Currently reading The Hobbit to my daughter, and we came to the Barrels out of Bond chapter where the Dwarves are captured and imprisoned by the Wood Elves. Bilbo sneaks in with his magic ring of invisibility and eventually sets them all free.
But here's what piqued my curiosity: in the chapter it makes clear that Bilbo wore the one ring constantly for a very extended period of time: it specifically states he was down there at least two weeks and then - it's much less clear - possibly for even longer while he came up with and implemented his plan to rescue the Dwarves.
However in The Lord of the Rings, Frodo is constantly terrified of putting on the ring lest he (and the ring) should be located by Sauron. So why does Bilbo, wearing the ring for several weeks, escape detection?

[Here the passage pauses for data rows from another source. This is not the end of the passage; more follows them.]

definition eats :: "nat \<Rightarrow> nat \<Rightarrow> (nat \<Rightarrow> bundl rel) \<Rightarrow> (real \<Rightarrow> nat \<Rightarrow> bundl \<Rightarrow> real)
    \<Rightarrow> nat \<Rightarrow> real \<Rightarrow> bundl \<Rightarrow> bool" where
  "eats n p R q j t x \<longleftrightarrow>
     available n p q t x \<and> (\<forall>y. available n p q t y \<longrightarrow> y = x \<or> (x, y) \<in> R j)"

definition eating_run :: "nat \<Rightarrow> nat \<Rightarrow> (nat \<Rightarrow> bundl rel) \<Rightarrow> (nat \<Rightarrow> real \<Rightarrow> real)
    \<Rightarrow> (real \<Rightarrow> nat \<Rightarrow> bundl \<Rightarrow> real) \<Rightarrow> bool" where
  "eating_run n p R \<omega> q \<longleftrightarrow>
     (\<forall>t\<in>{0..1}. \<forall>j<n. \<forall>x\<in>Bundles n p.
        ((\<lambda>\<tau>. if eats n p R q j \<tau> x then \<omega> j \<tau> else 0) has_integral q t j x) {0..t})"

definition eating_output :: "nat \<Rightarrow> nat \<Rightarrow> (nat \<Rightarrow> bundl rel) \<Rightarrow> (nat \<Rightarrow> real \<Rightarrow> real)
    \<Rightarrow> (nat \<Rightarrow> bundl \<Rightarrow> real) \<Rightarrow> bool" where
  "eating_output n p R \<omega> P \<longleftrightarrow>
     (\<exists>q. eating_run n p R \<omega> q \<and> (\<forall>j<n. \<forall>x\<in>Bundles n p. P j x = q 1 j x))"

end

theory Submission imports Defs begin

text \<open>An eating algorithm never produces a generalized cycle: for the earliest moment at which a
  worse bundle of some tuple of the cycle is eaten, an item of the better bundle is already
  exhausted, yet the cycle puts that item into a bundle that is still available at a later moment.

  Conversely, if there is no generalized cycle, every nonempty set of improvable tuples has an item
  that occurs in some better bundle but in no worse bundle. Peeling off such items one at a time
  yields item labels whose minimum over a bundle (its level) strictly increases along every
  improvable tuple. The eating schedule then processes the levels in turn: during the time slot
  [k/M, (k+1)/M) every agent eats her unique level-k bundle x with P j x > 0 at speed M * P j x.\<close>

lemma finite_Bundles: "finite (Bundles n p)"
  unfolding Bundles_def by (rule finite_PiE) auto

lemma item_in_iff: "item_in p it y \<longleftrightarrow> (\<exists>i<p. it = (i, y i))"
  unfolding item_in_def by (cases it) auto

lemma item_in_Items: "item_in p it y \<Longrightarrow> y \<in> Bundles n p \<Longrightarrow> it \<in> Items n p"
  unfolding item_in_def Items_def Bundles_def by (cases it) (auto simp: PiE_iff)

lemma is_assignment_nonneg: "is_assignment n p P \<Longrightarrow> j < n \<Longrightarrow> x \<in> Bundles n p \<Longrightarrow> 0 \<le> P j x"
  unfolding is_assignment_def by auto

lemma is_profile_strict_linear:
  "is_profile n p R \<Longrightarrow> j < n \<Longrightarrow> strict_linear_order_on (Bundles n p) (R j)"
  unfolding is_profile_def by auto

definition item_closed :: "nat \<Rightarrow> (bundl \<times> bundl) set \<Rightarrow> bool" where
  "item_closed p C \<longleftrightarrow>
     (\<forall>it. (\<exists>(x1, xh1)\<in>C. item_in p it x1) \<longrightarrow> (\<exists>(x2, xh2)\<in>C. item_in p it xh2))"

lemma generalized_cycle_iff:
  "generalized_cycle n p R P C \<longleftrightarrow>
     C \<noteq> {} \<and> (\<forall>(x, xh)\<in>C. improvable n p R P x xh) \<and> item_closed p C"
  unfolding generalized_cycle_def item_closed_def by blast

subsection \<open>Levels of bundles\<close>

definition min_label :: "nat \<Rightarrow> (item \<Rightarrow> nat) \<Rightarrow> bundl \<Rightarrow> nat" where
  "min_label p l y = Min ((\<lambda>i. l (i, y i)) ` {..<p})"

lemma min_label_le: "i < p \<Longrightarrow> min_label p l y \<le> l (i, y i)"
  unfolding min_label_def by (rule Min_le) auto

lemma min_label_attained: "p \<ge> 1 \<Longrightarrow> \<exists>i<p. min_label p l y = l (i, y i)"
proof -
  assume "p \<ge> 1"
  then have "min_label p l y \<in> (\<lambda>i. l (i, y i)) ` {..<p}"
    unfolding min_label_def by (intro Min_in) (auto simp: lessThan_empty_iff)
  then show ?thesis by auto
qed

lemma min_label_item_in:
  assumes "item_in p it y"
  shows "min_label p l y \<le> l it"
  using assms min_label_le by (auto simp: item_in_iff)

lemma min_label_shift:
  assumes "p \<ge> 1" and "\<not> item_in p it y"
  shows "min_label p (\<lambda>i. if i = it then 0 else Suc (l i)) y = Suc (min_label p l y)"
proof -
  have "(\<lambda>i. if (i, y i) = it then 0 else Suc (l (i, y i))) ` {..<p} = Suc ` (\<lambda>i. l (i, y i)) ` {..<p}"
    using assms(2) by (force simp: item_in_iff)
  then show ?thesis
    using assms(1) unfolding min_label_def
    by (simp add: mono_Min_commute[of Suc, symmetric] mono_Suc lessThan_empty_iff)
qed

text \<open>Strong induction on S: an item occurring in a better bundle but in no worse bundle gets
  label 0, which puts every tuple whose better bundle contains it at level 0 and lets the
  induction hypothesis handle the remaining tuples.\<close>

lemma labelling_of_unclosed:
  assumes "finite S" and p: "p \<ge> 1"
    and "\<And>C. C \<subseteq> S \<Longrightarrow> C \<noteq> {} \<Longrightarrow> \<not> item_closed p C"
  shows "\<exists>l. \<forall>(x, xh)\<in>S. min_label p l x < min_label p l xh"
  using assms(1,3)
proof (induction S rule: finite_psubset_induct)
  case (psubset S)
  show ?case
  proof (cases "S = {}")
    case False
    then obtain it where it_better: "\<exists>(x, xh)\<in>S. item_in p it x"
      and it_not_worse: "\<And>x xh. (x, xh) \<in> S \<Longrightarrow> \<not> item_in p it xh"
      using psubset.prems[of S] unfolding item_closed_def by blast
    define S' where "S' = {(x, xh)\<in>S. \<not> item_in p it x}"
    have "S' \<subset> S" using it_better unfolding S'_def by auto
    with psubset obtain l' where l': "\<forall>(x, xh)\<in>S'. min_label p l' x < min_label p l' xh"
      by (meson psubset_imp_subset subset_trans)
    define l where "l = (\<lambda>i. if i = it then 0 else Suc (l' i))"
    have "min_label p l x < min_label p l xh" if xS: "(x, xh) \<in> S" for x xh
    proof -
      have xh: "min_label p l xh = Suc (min_label p l' xh)"
        unfolding l_def using min_label_shift[OF p it_not_worse[OF xS]] .
      show ?thesis
      proof (cases "item_in p it x")
        case True
        then have "min_label p l x = 0" using min_label_item_in[of p it x l] by (simp add: l_def)
        then show ?thesis using xh by simp
      next
        case False
        then have "(x, xh) \<in> S'" using xS unfolding S'_def by auto
        then show ?thesis
          using l' xh min_label_shift[OF p False, of l'] unfolding l_def by auto
      qed
    qed
    then show ?thesis by blast
  qed simp
qed

definition ramp :: "real \<Rightarrow> real" where
  "ramp u = max 0 (min 1 u)"

lemma ramp_le_one: "ramp u \<le> 1"
  and ramp_eq_one: "u \<ge> 1 \<Longrightarrow> ramp u = 1"
  and ramp_less_one: "u < 1 \<Longrightarrow> ramp u < 1"
  unfolding ramp_def by auto

definition phase_rate :: "real \<Rightarrow> real \<Rightarrow> real \<Rightarrow> real" where
  "phase_rate M k \<tau> = (if k \<le> M * \<tau> \<and> M * \<tau> < k + 1 then M else 0)"

lemma has_integral_phase_rate:
  fixes M k t :: real
  assumes M: "M > 0" and k: "k \<ge> 0" and t: "t \<ge> 0"
  shows "(phase_rate M k has_integral ramp (M * t - k)) {0..t}"
proof -
  define lo where "lo = min t (k / M)"
  define hi where "hi = min t ((k + 1) / M)"
  have "k / M \<le> (k + 1) / M" using M by (simp add: divide_right_mono)
  then have lohi: "0 \<le> lo" "lo \<le> hi" "hi \<le> t" using M k t by (auto simp: lo_def hi_def)
  have "((\<lambda>x. M) has_integral ((hi - lo) * M)) {lo..hi}"
    using has_integral_const_real[of M lo hi] lohi by simp
  then have "((\<lambda>x. if x \<in> cbox lo hi then M else 0) has_integral ((hi - lo) * M)) (cbox 0 t)"
    using lohi by (intro has_integral_restrict_closed_subinterval) auto
  moreover have "(hi - lo) * M = ramp (M * t - k)"
    using M k t unfolding hi_def lo_def ramp_def by (auto simp: min_def max_def field_simps)
  ultimately have slot: "((\<lambda>x. if x \<in> {lo..hi} then M else 0) has_integral ramp (M * t - k)) {0..t}"
    by simp
  show ?thesis
  proof (rule has_integral_spike_finite[OF _ _ slot, of "{lo, hi}"])
    fix x assume x: "x \<in> {0..t} - {lo, hi}"
    have "(k \<le> M * x \<and> M * x < k + 1) \<longleftrightarrow> (k / M \<le> x \<and> x < (k + 1) / M)"
      using M by (auto simp: field_simps)
    then show "phase_rate M k x = (if x \<in> {lo..hi} then M else 0)"
      using x M unfolding phase_rate_def lo_def hi_def by (auto simp: min_def split: if_splits)
  qed auto
qed

subsection \<open>Eating algorithms produce no generalized cycle\<close>

lemma eats_unique:
  assumes "strict_linear_order_on (Bundles n p) (R j)"
    and "eats n p R q j t x" "eats n p R q j t y"
  shows "x = y"
proof (rule ccontr)
  assume "x \<noteq> y"
  with assms have "(x, y) \<in> R j" "(y, x) \<in> R j" unfolding eats_def by metis+
  with assms(1) show False unfolding strict_linear_order_on_def trans_def irrefl_def by blast
qed

lemma eats_imp_better_unavailable:
  assumes "strict_linear_order_on (Bundles n p) (R j)"
    and "eats n p R q j t xh" and "(x, xh) \<in> R j"
  shows "\<not> available n p q t x"
proof
  assume "available n p q t x"
  then have "x = xh \<or> (xh, x) \<in> R j" using assms(2) unfolding eats_def by blast
  with assms(1,3) show False unfolding strict_linear_order_on_def trans_def irrefl_def by blast
qed

context
  fixes n p :: nat and R :: "nat \<Rightarrow> bundl rel" and \<omega> :: "nat \<Rightarrow> real \<Rightarrow> real"
    and q :: "real \<Rightarrow> nat \<Rightarrow> bundl \<Rightarrow> real"
  assumes speeds: "eating_speeds n \<omega>" and run: "eating_run n p R \<omega> q"
begin

lemma eating_run_has_integral:
  "t \<in> {0..1} \<Longrightarrow> j < n \<Longrightarrow> x \<in> Bundles n p \<Longrightarrow>
    ((\<lambda>\<tau>. if eats n p R q j \<tau> x then \<omega> j \<tau> else 0) has_integral q t j x) {0..t}"
  using run unfolding eating_run_def by blast

lemma eating_run_mono:
  assumes "t1 \<in> {0..1}" "t2 \<in> {0..1}" "t1 \<le> t2" "j < n" "x \<in> Bundles n p"
  shows "q t1 j x \<le> q t2 j x"
  using assms speeds
  by (intro has_integral_subset_le[OF _ eating_run_has_integral eating_run_has_integral])
     (auto simp: eating_speeds_def)

lemma rem_supply_antimono:
  assumes "t1 \<in> {0..1}" "t2 \<in> {0..1}" "t1 \<le> t2"
  shows "rem_supply n p q t2 it \<le> rem_supply n p q t1 it"
  unfolding rem_supply_def using eating_run_mono[OF assms] by (auto intro!: sum_mono)

lemma eaten_at_some_time:
  assumes "j < n" "x \<in> Bundles n p" "q 1 j x \<noteq> 0"
  shows "\<exists>\<tau>\<in>{0..1}. eats n p R q j \<tau> x"
proof (rule ccontr)
  assume "\<not> ?thesis"
  then have "((\<lambda>\<tau>. if eats n p R q j \<tau> x then \<omega> j \<tau> else 0) has_integral 0) {0..1}"
    by (subst has_integral_cong[of _ _ "\<lambda>_. 0"]) auto
  with eating_run_has_integral[of 1 j x] assms(1,2) have "q 1 j x = 0"
    by (simp add: has_integral_unique)
  with assms(3) show False by simp
qed

lemma improvable_worse_eaten:
  assumes final: "\<And>j x. j < n \<Longrightarrow> x \<in> Bundles n p \<Longrightarrow> P j x = q 1 j x"
    and "improvable n p R P x xh"
  shows "\<exists>\<tau>. \<tau> \<in> {0..1} \<and> (\<exists>j<n. (x, xh) \<in> R j \<and> eats n p R q j \<tau> xh)"
proof -
  obtain j where j: "j < n" "(x, xh) \<in> R j" "P j xh > 0" "xh \<in> Bundles n p"
    using assms(2) unfolding improvable_def by auto
  then show ?thesis using eaten_at_some_time[of j xh] final by force
qed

The obvious thought is that Sauron was simply not powerful enough at this time. But that seems a pretty thin claim in many ways. Sauron was powerful enough to be "recognised" as a dangerous sorcerer in his guise as the Necromancer, and to start to gather his followers together. You'd have thought that simply locating the Ring would require a pitiful amount of comparative effort.
Furthermore I believe it's implied in The Lord of the Rings that it becomes increasingly dangerous to use the Ring the closer it gets to its maker (I don't have a reference for this - might be my imagination). If so, things become even more inexplicable since Thranduil's palace wasn't actually all that far from Dol Guldur, where Sauron was holed up.
Any explanation? Or do we have to chalk it up to the poetic license due to a world in development?